• **Task requirements**
Beneath this line are the data; copy exactly the part of them that opens with the line containing "text \<open>R_m^p(F,G); emb" and closes with the line containing "f)) | \<Lambda>.", and only that part.
##### Material for the task
lemma sum_eta:
  assumes "u \<in> UD S A c"
  shows "sum (eta S A phi lam c u) (S c) = 1"
proof -
  interpret column_stochastic "S c" "phiu S A phi c u"
    using assms by (rule column_stochastic_phiu)
  show ?thesis
    using eta_stationary_dist[OF assms] by (simp add: stationary_dist_def)
qed

abbreviation population :: "real ^ ('c \<times> ('s \<Rightarrow> 'a)) \<Rightarrow> 'c \<Rightarrow> 's \<Rightarrow> ('s \<Rightarrow> 'a) \<Rightarrow> real" where
  "population \<equiv> stationary_population S A phi lam"

lemma policy_mass_population:
  assumes "u \<in> UD S A c"
  shows "(\<Sum>s\<in>S c. population x c s u) = x $ (c, u)"
  using sum_eta[OF assms] by (simp add: stationary_population_def flip: sum_distrib_right)

lemma inX_population:
  assumes x: "x \<in> simplex_product (UD S A) m"
  shows "inX S A m (population x)"
proof -
  have "(\<Sum>s\<in>S c. \<Sum>u\<in>UD S A c. population x c s u) = m c" for c
  proof -
    have "(\<Sum>s\<in>S c. \<Sum>u\<in>UD S A c. population x c s u) = (\<Sum>u\<in>UD S A c. \<Sum>s\<in>S c. population x c s u)"
      by (rule sum.swap)
    also have "\<dots> = (\<Sum>u\<in>UD S A c. x $ (c, u))"
      by (simp add: policy_mass_population)
    finally show ?thesis
      using x by (simp add: simplex_product_def)
  qed
  with x show ?thesis
    by (auto simp: inX_def stationary_population_def simplex_product_def eta_nonneg)
qed

lemma continuous_on_Fval_population:
  assumes "assumption_A1 S A m r"
  shows "continuous_on (simplex_product (UD S A) m) (\<lambda>x. Fval S A phi lam r c u (population x))"
  unfolding Fval_def
proof (intro continuous_on_sum continuous_on_mult continuous_on_const)
  fix s a
  assume "s \<in> S c" and "a \<in> A c s"
  then have "a \<in> Aall S A c"
    by (auto simp: Aall_def)
  have "continuous_on (simplex_product (UD S A) m) (\<lambda>x. muSA S A (population x))"
    by (intro continuous_on_muSA)
      (simp add: stationary_population_def continuous_on_mult_left continuous_on_id[THEN continuous_on_component])
  moreover have "(\<lambda>x. muSA S A (population x)) ` simplex_product (UD S A) m \<subseteq> XSA S A m"
    using muSA_in_XSA inX_population by blast
  ultimately show "continuous_on (simplex_product (UD S A) m) (\<lambda>x. r c s a (muSA S A (population x)))"
    by (rule continuous_on_compose2[OF continuous_on_reward[OF assms \<open>s \<in> S c\<close> \<open>a \<in> Aall S A c\<close>]])
qed
(* Let $H$ be a real or complex Hilbert space of dimension $n$, let $N\ge n$, let $F=\{f_i\}_{i=1}^N$ be a frame for $H$ and let $G=\{g_i\}_{i=1}^N$ be a dual frame of $F$. Let $\{q_i\}_{i=1}^N$ be the weight number sequence defined below. Then $$\mathcal{R}_1^p(F,G)=\max\{\,q_i\,|\langle f_i,g_i\rangle| : 1\le i\le N\,\}.$$
   Context: Inner products are linear in the first argument. A frame for the $n$-dimensional space $H$ is a finite sequence spanning $H$. Its analysis operator is $\Theta_F f=(\langle f,f_i\rangle)_{i=1}^N$ and its synthesis operator is $\Theta_F^*(c)=\sum_i c_if_i$. A dual frame of $F$ is a frame $G=\{g_i\}_{i=1}^N$ with $f=\sum_i\langle f,f_i\rangle g_i=\sum_i\langle f,g_i\rangle f_i$ for all $f\in H$. A probability sequence $\{p_i\}_{i=1}^N$ satisfies $0\le p_i\le 1$ and $\sum_i p_i=1$. The weight numbers are $q_i=\frac{\sum_{j=1}^N p_j}{\sum_{j=1}^N p_j-p_i}\cdot\frac{N-1}{n}$ (assumed well defined). For $1\le m\le N$, $\mathcal{D}_m^p$ is the set of $N\times N$ diagonal matrices $D$ for which there is $\Lambda\subseteq\{1,\dots,N\}$ with $|\Lambda|=m$, $D_{ii}=q_i$ for $i\in\Lambda$ and $D_{ii}=0$ otherwise. Thus $\Theta_G^*D\Theta_F f=\sum_{i\in\Lambda}q_i\langle f,f_i\rangle g_i$. Finally $\mathcal{R}_m^p(F,G)=\max\{\rho(\Theta_G^*D\Theta_F): D\in\mathcal{D}_m^p\}$, where $\rho$ denotes spectral radius. *)

theory Defs
  imports "Jordan_Normal_Form.Spectral_Radius"
begin

text \<open>Finite-dimensional Hilbert space of dimension n is modelled as the coordinate space
  'a^n (JNF vectors in carrier_vec n) over 'a = real or complex, with the standard inner
  product <x,y> = x \<bullet>c y (linear in the first argument, conjugate-linear in the second).
  Sequences are indexed by i < N (0-based).\<close>

definition synthesis_op :: "nat \<Rightarrow> nat \<Rightarrow> (nat \<Rightarrow> 'a::conjugatable_field vec) \<Rightarrow> 'a mat" where
  "synthesis_op n N f = mat n N (\<lambda>(r, i). f i $ r)"

definition analysis_op :: "nat \<Rightarrow> nat \<Rightarrow> (nat \<Rightarrow> 'a::conjugatable_field vec) \<Rightarrow> 'a mat" where
  "analysis_op n N f = mat N n (\<lambda>(i, r). conjugate (f i $ r))"

definition is_frame :: "nat \<Rightarrow> nat \<Rightarrow> (nat \<Rightarrow> 'a::conjugatable_field vec) \<Rightarrow> bool" where
  "is_frame n N f \<longleftrightarrow> (\<forall>i<N. f i \<in> carrier_vec n) \<and>
     (\<forall>x \<in> carrier_vec n. \<exists>c \<in> carrier_vec N. x = synthesis_op n N f *\<^sub>v c)"

definition is_dual_frame :: "nat \<Rightarrow> nat \<Rightarrow> (nat \<Rightarrow> 'a::conjugatable_field vec) \<Rightarrow> (nat \<Rightarrow> 'a vec) \<Rightarrow> bool" where
  "is_dual_frame n N f g \<longleftrightarrow> is_frame n N g \<and>
     (\<forall>x \<in> carrier_vec n.
        x = synthesis_op n N g *\<^sub>v (analysis_op n N f *\<^sub>v x) \<and>
        x = synthesis_op n N f *\<^sub>v (analysis_op n N g *\<^sub>v x))"

definition is_prob_seq :: "nat \<Rightarrow> (nat \<Rightarrow> real) \<Rightarrow> bool" where
  "is_prob_seq N p \<longleftrightarrow> (\<forall>i<N. 0 \<le> p i \<and> p i \<le> 1) \<and> (\<Sum>i<N. p i) = 1"

definition weight_num :: "nat \<Rightarrow> nat \<Rightarrow> (nat \<Rightarrow> real) \<Rightarrow> nat \<Rightarrow> real" where
  "weight_num n N p i = (\<Sum>j<N. p j) / ((\<Sum>j<N. p j) - p i) * ((real N - 1) / real n)"

definition weight_diag :: "nat \<Rightarrow> nat \<Rightarrow> (nat \<Rightarrow> real) \<Rightarrow> nat set \<Rightarrow> 'a::{conjugatable_field, real_algebra_1} mat" where
  "weight_diag n N p \<Lambda> = mat N N (\<lambda>(i, j). if i = j \<and> i \<in> \<Lambda> then of_real (weight_num n N p i) else 0)"

text \<open>R_m^p(F,G); emb embeds the scalar field into the complex numbers so that the
  spectral radius (over C) can be taken.\<close>
definition R_mp :: "('a::{conjugatable_field, real_algebra_1} \<Rightarrow> complex) \<Rightarrow> nat \<Rightarrow> nat \<Rightarrow> (nat \<Rightarrow> real) \<Rightarrow> nat
     \<Rightarrow> (nat \<Rightarrow> 'a vec) \<Rightarrow> (nat \<Rightarrow> 'a vec) \<Rightarrow> real" where
  "R_mp emb n N p m f g = Max {spectral_radius (map_mat emb
        (synthesis_op n N g * weight_diag n N p \<Lambda> * analysis_op n N f)) | \<Lambda>.
        \<Lambda> \<subseteq> {..<N} \<and> card \<Lambda> = m}"

end

theory Submission
  imports Defs
begin

text \<open>For \<open>\<Lambda> = {i}\<close> the operator \<open>\<Theta>\<^sub>G\<^sup>* D \<Theta>\<^sub>F\<close> is the rank-one map
  \<open>x \<mapsto> q\<^sub>i \<langle>x, f\<^sub>i\<rangle> g\<^sub>i\<close>. A rank-one matrix \<open>u w\<^sup>T\<close> has spectrum contained in \<open>{0, w\<^sup>T u}\<close>, and \<open>w\<^sup>T u\<close> is an
  eigenvalue (with eigenvector \<open>u\<close>) whenever it is nonzero, so its spectral radius is \<open>|w\<^sup>T u|\<close>;
  here this is \<open>q\<^sub>i |\<langle>g\<^sub>i, f\<^sub>i\<rangle>| = q\<^sub>i |\<langle>f\<^sub>i, g\<^sub>i\<rangle>|\<close>.
  The real case reduces to the complex one, since complexifying the frames commutes with the
  operators involved.\<close>

definition outer_prod :: "'a::comm_ring_1 vec \<Rightarrow> 'a vec \<Rightarrow> 'a mat" where
  "outer_prod u w = mat (dim_vec u) (dim_vec w) (\<lambda>(r, s). u $ r * w $ s)"

lemma dim_outer_prod [simp]:
  "dim_row (outer_prod u w) = dim_vec u" "dim_col (outer_prod u w) = dim_vec w"
  by (simp_all add: outer_prod_def)

lemma outer_prod_mult_vec:
  assumes "dim_vec v = dim_vec w"
  shows "outer_prod u w *\<^sub>v v = (w \<bullet> v) \<cdot>\<^sub>v u"
  using assms
  by (intro eq_vecI) (auto simp: outer_prod_def scalar_prod_def sum_distrib_left mult_ac)

lemma spectrum_outer_prod_subset:
  fixes u w :: "'a::field vec"
  assumes u: "u \<in> carrier_vec n" and w: "w \<in> carrier_vec n"
  shows "spectrum (outer_prod u w) \<subseteq> {0, w \<bullet> u}"
proof
  fix l assume "l \<in> spectrum (outer_prod u w)"
  then obtain v where v: "v \<in> carrier_vec n" "v \<noteq> 0\<^sub>v n" and eigen: "(w \<bullet> v) \<cdot>\<^sub>v u = l \<cdot>\<^sub>v v"
    using u w by (auto simp: spectrum_def eigenvalue_def eigenvector_def outer_prod_mult_vec)
  show "l \<in> {0, w \<bullet> u}"
  proof (cases "l = 0")
    case False
    have v_eq: "v = (w \<bullet> v / l) \<cdot>\<^sub>v u"
      using arg_cong[OF eigen, of "\<lambda>x. inverse l \<cdot>\<^sub>v x"] False v(1)
      by (simp add: smult_smult_assoc field_simps)
    have "w \<bullet> v \<noteq> 0"
      using v_eq v by auto
    moreover have "w \<bullet> v = (w \<bullet> v / l) * (w \<bullet> u)"
      using arg_cong[OF v_eq, of "\<lambda>x. w \<bullet> x"] u w by simp
    ultimately show ?thesis
      using False by (simp add: field_simps)
  qed simp
qed

lemma eigenvalue_outer_prod:
  fixes u w :: "'a::field vec"
  assumes u: "u \<in> carrier_vec n" and w: "w \<in> carrier_vec n" and nonzero: "w \<bullet> u \<noteq> 0"
  shows "eigenvalue (outer_prod u w) (w \<bullet> u)"
proof -
  have "u \<noteq> 0\<^sub>v n"
    using nonzero w by auto
  then show ?thesis
    using u w by (auto simp: eigenvalue_def eigenvector_def outer_prod_mult_vec)
qed

lemma spectral_radius_outer_prod:
  assumes "0 < n" and u: "u \<in> carrier_vec n" and w: "w \<in> carrier_vec n"
  shows "spectral_radius (outer_prod u w) = cmod (w \<bullet> u)"
proof -
  have M: "outer_prod u w \<in> carrier_mat n n"
    using u w by (simp add: carrier_matI)
  have "spectral_radius (outer_prod u w) \<in> {0, cmod (w \<bullet> u)}"
    using spectral_radius_mem_max(1)[OF M \<open>0 < n\<close>] spectrum_outer_prod_subset[OF u w] by auto
  moreover have "cmod (w \<bullet> u) \<le> spectral_radius (outer_prod u w)" if "w \<bullet> u \<noteq> 0"
    using spectral_radius_mem_max(2)[OF M \<open>0 < n\<close>] eigenvalue_outer_prod[OF u w that]
    by (simp add: spectrum_def)
  ultimately show ?thesis
    by force
qed

lemma synthesis_op_carrier [simp]: "synthesis_op n N f \<in> carrier_mat n N"
  by (simp add: synthesis_op_def)

lemma analysis_op_carrier [simp]: "analysis_op n N f \<in> carrier_mat N n"
  by (simp add: analysis_op_def)

lemma weight_diag_carrier [simp]: "weight_diag n N p \<Lambda> \<in> carrier_mat N N"
  by (simp add: weight_diag_def)

lemma map_mat_ident: "map_mat (\<lambda>x. x) A = A"
  by (rule eq_matI) auto

lemma synthesis_weight_analysis_singleton:
  fixes f g :: "nat \<Rightarrow> 'a::{conjugatable_field, real_algebra_1} vec"
  assumes i: "i < N" and f: "f i \<in> carrier_vec n" and g: "g i \<in> carrier_vec n"
  shows "synthesis_op n N g * weight_diag n N p {i} * analysis_op n N f
    = outer_prod (of_real (weight_num n N p i) \<cdot>\<^sub>v g i) (conjugate (f i))"
proof -
  let ?q = "of_real (weight_num n N p i) :: 'a"
  have "synthesis_op n N g * weight_diag n N p {i} = mat n N (\<lambda>(r, k). if k = i then ?q * g i $ r else 0)"
    using i by (intro eq_matI)
      (auto simp: synthesis_op_def weight_diag_def scalar_prod_def if_distrib[of "\<lambda>x. _ * x"]
        sum.delta' mult.commute cong: if_cong)
  then show ?thesis
    using i f g by (intro eq_matI)
      (auto simp: outer_prod_def analysis_op_def scalar_prod_def if_distrib[of "\<lambda>x. x * _"]
        sum.delta' cong: if_cong)
qed

lemma spectral_radius_singleton_operator:
  fixes f g :: "nat \<Rightarrow> complex vec"
  assumes "0 < n" and i: "i < N" and f: "f i \<in> carrier_vec n" and g: "g i \<in> carrier_vec n"
  shows "spectral_radius (synthesis_op n N g * weight_diag n N p {i} * analysis_op n N f)
    = \<bar>weight_num n N p i\<bar> * cmod (f i \<bullet>c g i)"
proof -
  have "conjugate (f i) \<bullet> g i = cnj (f i \<bullet>c g i)"
    using conjugate_sprod_vec[OF f carrier_vec_conjugate[OF g]] by simp
  then show ?thesis
    using f g
    by (simp add: synthesis_weight_analysis_singleton[where f = f and g = g and n = n and N = N, OF i f g]
        spectral_radius_outer_prod[OF \<open>0 < n\<close>] norm_mult)
qed

lemma R_mp_1_complex:
  fixes f g :: "nat \<Rightarrow> complex vec"
  assumes "0 < n" and f: "\<forall>i<N. f i \<in> carrier_vec n" and g: "\<forall>i<N. g i \<in> carrier_vec n"
  shows "R_mp (\<lambda>z. z) n N p 1 f g = Max {\<bar>weight_num n N p i\<bar> * cmod (f i \<bullet>c g i) | i. i < N}"
proof -
  let ?\<rho> = "\<lambda>\<Lambda>. spectral_radius (synthesis_op n N g * weight_diag n N p \<Lambda> * analysis_op n N f)"
  have "{?\<rho> \<Lambda> | \<Lambda>. \<Lambda> \<subseteq> {..<N} \<and> card \<Lambda> = 1} = {?\<rho> {i} | i. i < N}"
    by (auto simp: card_1_singleton_iff)
  also have "\<dots> = {\<bar>weight_num n N p i\<bar> * cmod (f i \<bullet>c g i) | i. i < N}"
    by (intro Collect_cong ex_cong1) (use f g in \<open>auto simp: spectral_radius_singleton_operator[OF \<open>0 < n\<close>]\<close>)
  finally show ?thesis
    by (simp add: R_mp_def map_mat_ident)
qed

lemma map_mat_of_real_synthesis_op:
  assumes "\<forall>i<N. f i \<in> carrier_vec n"
  shows "map_mat complex_of_real (synthesis_op n N f) = synthesis_op n N (\<lambda>i. map_vec of_real (f i))"
  using assms by (intro eq_matI) (auto simp: synthesis_op_def)

lemma map_mat_of_real_analysis_op:
  assumes "\<forall>i<N. f i \<in> carrier_vec n"
  shows "map_mat complex_of_real (analysis_op n N f) = analysis_op n N (\<lambda>i. map_vec of_real (f i))"
  using assms by (intro eq_matI) (auto simp: analysis_op_def)

lemma map_mat_of_real_weight_diag:
  "map_mat complex_of_real (weight_diag n N p \<Lambda>) = weight_diag n N p \<Lambda>"
  by (intro eq_matI) (auto simp: weight_diag_def)

lemma R_mp_of_real:
  assumes f: "\<forall>i<N. f i \<in> carrier_vec n" and g: "\<forall>i<N. g i \<in> carrier_vec n"
  shows "R_mp complex_of_real n N p m f g
    = R_mp (\<lambda>z. z) n N p m (\<lambda>i. map_vec of_real (f i)) (\<lambda>i. map_vec of_real (g i))"
proof -
  have "map_mat complex_of_real (synthesis_op n N g * weight_diag n N p \<Lambda> * analysis_op n N f)
    = synthesis_op n N (\<lambda>i. map_vec of_real (g i)) * weight_diag n N p \<Lambda>
        * analysis_op n N (\<lambda>i. map_vec of_real (f i))" for \<Lambda>
  proof -
    have "synthesis_op n N g * weight_diag n N p \<Lambda> \<in> carrier_mat n N"
      by (rule mult_carrier_mat[of _ n N]) simp_all
    then show ?thesis
      by (simp add: of_real_hom.mat_hom_mult[of _ n N _ n] of_real_hom.mat_hom_mult[of _ n N _ N]
          map_mat_of_real_synthesis_op[OF g] map_mat_of_real_analysis_op[OF f] map_mat_of_real_weight_diag)
  qed
  then show ?thesis
    by (simp add: R_mp_def map_mat_ident)
qed

lemma cscalar_prod_of_real:
  fixes v w :: "real vec"
  assumes "v \<in> carrier_vec n" and "w \<in> carrier_vec n"
  shows "map_vec complex_of_real v \<bullet>c map_vec complex_of_real w = of_real (v \<bullet>c w)"
  using assms by (simp add: scalar_prod_def)

lemma R_mp_1_of_real:
  fixes f g :: "nat \<Rightarrow> real vec"
  assumes "0 < n" and f: "\<forall>i<N. f i \<in> carrier_vec n" and g: "\<forall>i<N. g i \<in> carrier_vec n"
  shows "R_mp complex_of_real n N p 1 f g = Max {\<bar>weight_num n N p i\<bar> * \<bar>f i \<bullet>c g i\<bar> | i. i < N}"
proof -
  have "R_mp complex_of_real n N p 1 f g
      = Max {\<bar>weight_num n N p i\<bar> * cmod (map_vec of_real (f i) \<bullet>c map_vec of_real (g i)) | i. i < N}"
    unfolding R_mp_of_real[OF f g] using f g by (intro R_mp_1_complex[OF \<open>0 < n\<close>]) simp_all
  also have "\<dots> = Max {\<bar>weight_num n N p i\<bar> * \<bar>f i \<bullet>c g i\<bar> | i. i < N}"
    by (intro arg_cong[where f = Max] Collect_cong ex_cong1) (use f g in \<open>auto simp: cscalar_prod_of_real\<close>)
  finally show ?thesis .
qed

lemma weight_num_nonneg:
  assumes "is_prob_seq N p" and "i < N"
  shows "0 \<le> weight_num n N p i"
proof -
  have "(\<Sum>j<N. p j) = 1" and "p i \<le> 1" and "1 \<le> real N"
    using assms by (auto simp: is_prob_seq_def)
  then show ?thesis
    by (simp add: weight_num_def)
qed

lemma frame_carrier: "is_frame n N f \<Longrightarrow> \<forall>i<N. f i \<in> carrier_vec n"
  by (simp add: is_frame_def)

lemma dual_frame_carrier: "is_dual_frame n N f g \<Longrightarrow> \<forall>i<N. g i \<in> carrier_vec n"
  by (simp add: is_dual_frame_def is_frame_def)

theorem proposition3p1:
  fixes n N :: nat and p :: "nat \<Rightarrow> real"
  assumes "0 < n" and "n \<le> N"
    and "is_prob_seq N p"
    and "\<forall>i<N. (\<Sum>j<N. p j) - p i \<noteq> 0"
  shows "(\<forall>(f :: nat \<Rightarrow> real vec) g. is_frame n N f \<longrightarrow> is_dual_frame n N f g \<longrightarrow>
            R_mp complex_of_real n N p 1 f g
              = Max {weight_num n N p i * norm (f i \<bullet>c g i) | i. i < N})
       \<and> (\<forall>(f :: nat \<Rightarrow> complex vec) g. is_frame n N f \<longrightarrow> is_dual_frame n N f g \<longrightarrow>
            R_mp (\<lambda>z. z) n N p 1 f g
              = Max {weight_num n N p i * norm (f i \<bullet>c g i) | i. i < N})"
proof -
  have weights: "{\<bar>weight_num n N p i\<bar> * x i | i. i < N} = {weight_num n N p i * x i | i. i < N}"
    for x :: "nat \<Rightarrow> real"
    using weight_num_nonneg[OF assms(3)] by (metis abs_of_nonneg)
  show ?thesis
  proof (intro conjI allI impI)
    fix f g :: "nat \<Rightarrow> real vec"
    assume "is_frame n N f" and "is_dual_frame n N f g"
    then show "R_mp complex_of_real n N p 1 f g = Max {weight_num n N p i * norm (f i \<bullet>c g i) | i. i < N}"
      using R_mp_1_of_real[OF assms(1) frame_carrier dual_frame_carrier] weights by simp
  next
    fix f g :: "nat \<Rightarrow> complex vec"
    assume "is_frame n N f" and "is_dual_frame n N f g"
    then show "R_mp (\<lambda>z. z) n N p 1 f g = Max {weight_num n N p i * norm (f i \<bullet>c g i) | i. i < N}"
      using R_mp_1_complex[OF assms(1) frame_carrier dual_frame_carrier] weights by simp
  qed
qed

end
##########
• **Exercise result**
text \<open>R_m^p(F,G); emb embeds the scalar field into the complex numbers so that the
  spectral radius (over C) can be taken.\<close>
definition R_mp :: "('a::{conjugatable_field, real_algebra_1} \<Rightarrow> complex) \<Rightarrow> nat \<Rightarrow> nat \<Rightarrow> (nat \<Rightarrow> real) \<Rightarrow> nat
     \<Rightarrow> (nat \<Rightarrow> 'a vec) \<Rightarrow> (nat \<Rightarrow> 'a vec) \<Rightarrow> real" where
  "R_mp emb n N p m f g = Max {spectral_radius (map_mat emb
        (synthesis_op n N g * weight_diag n N p \<Lambda> * analysis_op n N f)) | \<Lambda>.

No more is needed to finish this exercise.